Stored data:
==============================
(* Let $R=E[\eta(X)\eta(X)^\top]$ and $m=\sup_{x\in[0,1]^D}|\eta(x)|_2^2$ for the piecewise Legendre basis $\eta$ of the context, and assume $Q=0$, or $Q\in\mathbb{N}$ satisfies $$2\binom{D+Q}{D}e^{2Q}\le\frac{f_*}{\varpi(1/N)}.$$ Then $\lambda_{\min}(R)\ge f_*/2$, $\lambda_{\max}(R)\le\frac32f^*$, and $m\le N^De^{2Q}\binom{D+Q}{D}$.
   Context: $X$ is an $\mathbb{R}^D$-valued random variable with Lebesgue density $f\mathbf 1_{[0,1]^D}$, where $f$ is continuous and strictly positive on $[0,1]^D$. Let $f_*=\inf_{[0,1]^D}f$, $f^*=\sup_{[0,1]^D}f$, $\varpi(h)=\sup\{|f(x)-f(z)|:x,z\in[0,1]^D,|x-z|_\infty\le h\}$ (if $\varpi(1/N)=0$ the displayed condition is considered satisfied). For $N\in\mathbb{N}$ and $\mathbf i\in\{0,\dots,N-1\}^D$ let $C_{\mathbf i}=\prod_d(i_d/N,(i_d+1)/N]$. $\mathcal{L}_q$ is the Legendre polynomial of degree $q$ normalized by $\mathcal{L}_q(1)=1$. For $\mathbf j\in\mathbb{N}_0^D$, $p_{\mathbf j,\mathbf i}(x)=N^{D/2}\prod_{d=1}^D\sqrt{2j_d+1}\,\mathcal{L}_{j_d}(2(Nx_d-i_d)-1)$. For fixed $Q\in\mathbb{N}_0$, the basis consists of the $K=N^D\binom{D+Q}{D}$ functions $\eta_{\mathbf i,\mathbf j}=p_{\mathbf j,\mathbf i}\mathbf 1_{C_{\mathbf i}}$, $\mathbf i\in\{0,\dots,N-1\}^D$, $|\mathbf j|_1\le Q$, arranged in some fixed order into the vector $\eta$. *)

theory Defs
  imports "HOL-Analysis.Analysis"
begin

text \<open>Legendre polynomials normalised by L_q(1) = 1, via Bonnet's recurrence
  L_0 = 1, L_1 = t, (q+2) L_{q+2} = (2q+3) t L_{q+1} - (q+1) L_q.\<close>
fun legendre :: "nat \<Rightarrow> real \<Rightarrow> real" where
  "legendre 0 t = 1"
| "legendre (Suc 0) t = t"
| "legendre (Suc (Suc q)) t =
     ((2 * real q + 3) * t * legendre (Suc q) t - (real q + 1) * legendre q t) / (real q + 2)"

text \<open>The unit cube [0,1]^D, D = CARD('n).\<close>
abbreviation unit_cube :: "(real^'n) set" where
  "unit_cube \<equiv> cbox 0 1"

definition cell_idx :: "nat \<Rightarrow> ('n::finite \<Rightarrow> nat) set" where
  "cell_idx N = {i. \<forall>d. i d < N}"

definition deg_idx :: "nat \<Rightarrow> ('n::finite \<Rightarrow> nat) set" where
  "deg_idx Q = {j. (\<Sum>d\<in>UNIV. j d) \<le> Q}"

definition basis_idx :: "nat \<Rightarrow> nat \<Rightarrow> (('n::finite \<Rightarrow> nat) \<times> ('n \<Rightarrow> nat)) set" where
  "basis_idx N Q = cell_idx N \<times> deg_idx Q"

definition cell :: "nat \<Rightarrow> ('n::finite \<Rightarrow> nat) \<Rightarrow> (real^'n) set" where
  "cell N i = {x. \<forall>d. real (i d) / real N < x$d \<and> x$d \<le> (real (i d) + 1) / real N}"

definition pleg :: "nat \<Rightarrow> ('n::finite \<Rightarrow> nat) \<Rightarrow> ('n \<Rightarrow> nat) \<Rightarrow> real^'n \<Rightarrow> real" where
  "pleg N j i x = sqrt (real N) ^ CARD('n) *
     (\<Prod>d\<in>UNIV. sqrt (2 * real (j d) + 1) *
                  legendre (j d) (2 * (real N * x$d - real (i d)) - 1))"

definition eta :: "nat \<Rightarrow> ('n::finite \<Rightarrow> nat) \<times> ('n \<Rightarrow> nat) \<Rightarrow> real^'n \<Rightarrow> real" where
  "eta N ij x = pleg N (snd ij) (fst ij) x * indicator (cell N (fst ij)) x"

definition modcont :: "(real^'n::finite \<Rightarrow> real) \<Rightarrow> real \<Rightarrow> real" where
  "modcont f h = Sup {\<bar>f x - f z\<bar> | x z. x \<in> unit_cube \<and> z \<in> unit_cube \<and> infnorm (x - z) \<le> h}"

definition eigenvalues_on :: "'b set \<Rightarrow> ('b \<Rightarrow> 'b \<Rightarrow> real) \<Rightarrow> real set" where
  "eigenvalues_on B M = {lam. \<exists>v. (\<exists>a\<in>B. v a \<noteq> 0) \<and>
       (\<forall>a\<in>B. (\<Sum>b\<in>B. M a b * v b) = lam * v a)}"

end

theory Submission
  imports Defs "HOL-Computational_Algebra.Polynomial"
begin

text \<open>The functions \<open>\<eta>\<close> are orthonormal in \<open>L\<^sup>2([0,1]\<^sup>D)\<close>: on a single cell they are tensor
  products of rescaled Legendre polynomials, which are orthonormal by the classical Legendre
  orthogonality relations, and functions supported on different cells have disjoint supports.
  Hence for an eigenvector \<open>v\<close> of \<open>R\<close> with eigenvalue \<open>\<lambda>\<close>, the function \<open>g = \<Sum>\<^sub>a v\<^sub>a \<eta>\<^sub>a\<close>
  satisfies \<open>\<lambda> |v|\<^sup>2 = \<integral> g\<^sup>2 f\<close> and \<open>|v|\<^sup>2 = \<integral> g\<^sup>2\<close>, so \<open>f\<^sub>* \<le> \<lambda> \<le> f\<^sup>*\<close>.
  For the bound on \<open>m\<close>: at a point of a cell only the \<open>\<le> binom(D+Q,D)\<close> functions of that
  cell are nonzero, and since \<open>|\<L>\<^sub>q| \<le> 1\<close> on \<open>[-1,1]\<close> each of them has square at most
  \<open>N\<^sup>D \<Prod>\<^sub>d (2j\<^sub>d+1) \<le> N\<^sup>D exp(2|j|)\<close>.\<close>

fun legendre_poly :: "nat \<Rightarrow> real poly" where
  "legendre_poly 0 = 1"
| "legendre_poly (Suc 0) = [:0, 1:]"
| "legendre_poly (Suc (Suc q)) = smult (1 / (real q + 2))
     (smult (2 * real q + 3) ([:0, 1:] * legendre_poly (Suc q)) - smult (real q + 1) (legendre_poly q))"

lemma poly_legendre_poly: "poly (legendre_poly n) t = legendre n t"
  by (induction n rule: legendre_poly.induct) (auto simp: field_simps)

lemma poly_legendre_poly_Suc_Suc:
  "poly (legendre_poly (Suc (Suc q))) t =
     ((2 * real q + 3) * t * poly (legendre_poly (Suc q)) t - (real q + 1) * poly (legendre_poly q) t)
       / (real q + 2)"
  by (simp add: field_simps)

lemma poly_pderiv_legendre_poly_Suc_Suc:
  "poly (pderiv (legendre_poly (Suc (Suc q)))) t =
     ((2 * real q + 3) * (poly (legendre_poly (Suc q)) t + t * poly (pderiv (legendre_poly (Suc q))) t)
       - (real q + 1) * poly (pderiv (legendre_poly q)) t) / (real q + 2)"
  by (simp add: pderiv_smult pderiv_diff pderiv_mult pderiv_pCons field_simps)

lemma legendre_poly_Suc_Suc_smult:
  "smult (real q + 2) (legendre_poly (Suc (Suc q))) =
     smult (2 * real q + 3) ([:0, 1:] * legendre_poly (Suc q)) - smult (real q + 1) (legendre_poly q)"
proof -
  have "(real q + 2) * (1 / (real q + 2)) = 1" by simp
  then show ?thesis unfolding legendre_poly.simps(3) smult_smult by simp
qed

declare legendre_poly.simps(3) [simp del]
lemma linearly_unstable_if_equal_coordinates:
  fixes \<alpha> :: real
  assumes "N \<ge> 2" and pos: "\<forall>l\<in>{1..N}. v l > 0"
    and pq: "p \<in> {1..N}" "q \<in> {1..N}" "p \<noteq> q" "v p = v q"
    and growth: "jac N \<alpha> v p p - jac N \<alpha> v p q > 0"
  shows "linearly_unstable N \<alpha> v"
proof -
  define \<mu> where "\<mu> = jac N \<alpha> v p p - jac N \<alpha> v p q"
  define x :: "nat \<Rightarrow> real" where "x j = (if j = p then 1 else 0) - (if j = q then 1 else 0)" for j
  have "(\<Sum>i\<in>{1..N}. x i) = 0" using pq by (simp add: x_def sum_subtractf)
  moreover have "(\<Sum>j\<in>{1..N}. jac N \<alpha> v i j * x j) = \<mu> * x i" if i: "i \<in> {1..N}" for i
  proof -
    have "(\<Sum>j\<in>{1..N}. jac N \<alpha> v i j * x j)
        = (\<Sum>j\<in>{1..N}. (if j = p then jac N \<alpha> v i p else 0) - (if j = q then jac N \<alpha> v i q else 0))"
      by (rule sum.cong) (simp_all add: x_def right_diff_distrib)
    also have "\<dots> = jac N \<alpha> v i p - jac N \<alpha> v i q"
      using pq by (simp add: sum_subtractf)
    also have "\<dots> = \<mu> * x i"
      unfolding \<mu>_def x_def using jac_equal_coordinates[OF assms(1) pos pq i] .
    finally show ?thesis .
  qed
  moreover have "x p \<noteq> 0" using pq by (simp add: x_def)
  ultimately show ?thesis
    unfolding linearly_unstable_def using growth pq(1)
    by (intro exI[of _ "complex_of_real \<mu>"] exI[of _ "\<lambda>j. complex_of_real (x j)"] conjI)
      (auto simp: \<mu>_def simp flip: of_real_mult of_real_sum of_real_diff)
qed

lemma N_mul_powr_lt_total_weight:
  fixes \<alpha> :: real
  assumes "\<alpha> > 0" and "v p > 0"
    and "\<forall>i\<in>{1..N}. v p \<le> v i" and "\<exists>i\<in>{1..N}. v p < v i"
  shows "real N * v p powr \<alpha> < total_weight N \<alpha> v"
proof -
  obtain j where "j \<in> {1..N}" "v p < v j" using assms(4) by blast
  then have "\<exists>i\<in>{1..N}. v p powr \<alpha> < v i powr \<alpha>"
    using assms(1,2) by (intro bexI[of _ j] powr_less_mono2) auto
  then have "(\<Sum>i\<in>{1..N}. v p powr \<alpha>) < (\<Sum>i\<in>{1..N}. v i powr \<alpha>)"
    using assms(1-3) by (intro sum_strict_mono_ex1) (auto intro: powr_mono2)
  then show ?thesis by (simp add: total_weight_def)
qed

lemma instability_margin:
  fixes N :: nat and \<alpha> a S :: real
  assumes "N \<ge> 3" and "\<alpha> > 1" and "\<alpha> \<ge> (real N - 1) / (real N - 2)"
    and "a \<ge> 0" and "real N * a < S"
  shows "S - a < \<alpha> * (S - 2 * a)"
proof -
  have "\<alpha> * (real N - 2) \<ge> real N - 1" using assms(1,3) by (simp add: field_simps)
  then have "a * (\<alpha> * (real N - 2)) \<ge> a * (real N - 1)" using assms(4) by (rule mult_left_mono)
  moreover have "(\<alpha> - 1) * S > (\<alpha> - 1) * (real N * a)" using assms(2,5) by simp
  ultimately show ?thesis by (simp add: algebra_simps)
qed

lemma E_set_two_values:
  assumes "N \<ge> 1" and "v \<in> E_set N \<alpha> k"
  shows "\<forall>i\<in>{1..N}. v i = v 1 \<or> v i = v N" and "v 1 \<noteq> v N"
proof -
  have E: "in_Delta N v" "\<exists>i\<in>{1..N}. v i \<noteq> 1 / real N"
     "\<forall>i\<in>{1..k}. v i = v 1" "\<forall>i\<in>{k+1..N}. v i = v N"
    using assms(2) unfolding E_set_def equilibrium_def by blast+
  show two: "\<forall>i\<in>{1..N}. v i = v 1 \<or> v i = v N"
  proof
    fix i assume "i \<in> {1..N}"
    then have "i \<in> {1..k} \<or> i \<in> {k+1..N}" by auto
    then show "v i = v 1 \<or> v i = v N" using E(3,4) by blast
  qed
  show "v 1 \<noteq> v N"
  proof
    assume "v 1 = v N"
    then have const: "\<forall>i\<in>{1..N}. v i = v 1" using two by metis
    have "(\<Sum>i\<in>{1..N}. v i) = (\<Sum>i\<in>{1..N}. v 1)" by (rule sum.cong[OF refl]) (use const in blast)
    then have "real N * v 1 = 1" using E(1) by (simp add: in_Delta_def)
    then have "v 1 = 1 / real N" using assms(1) by (simp add: field_simps)
    then show False using E(2) const by auto
  qed
qed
==============================
* About this exercise
Of all the entries above, retype exactly the lines from the line with "pleg N (snd" to the line with "set \<Rightarrow> ('b", both included, and no others.

* Exercise response
  "eta N ij x = pleg N (snd ij) (fst ij) x * indicator (cell N (fst ij)) x"

definition modcont :: "(real^'n::finite \<Rightarrow> real) \<Rightarrow> real \<Rightarrow> real" where
  "modcont f h = Sup {\<bar>f x - f z\<bar> | x z. x \<in> unit_cube \<and> z \<in> unit_cube \<and> infnorm (x - z) \<le> h}"

definition eigenvalues_on :: "'b set \<Rightarrow> ('b \<Rightarrow> 'b \<Rightarrow> real) \<Rightarrow> real set" where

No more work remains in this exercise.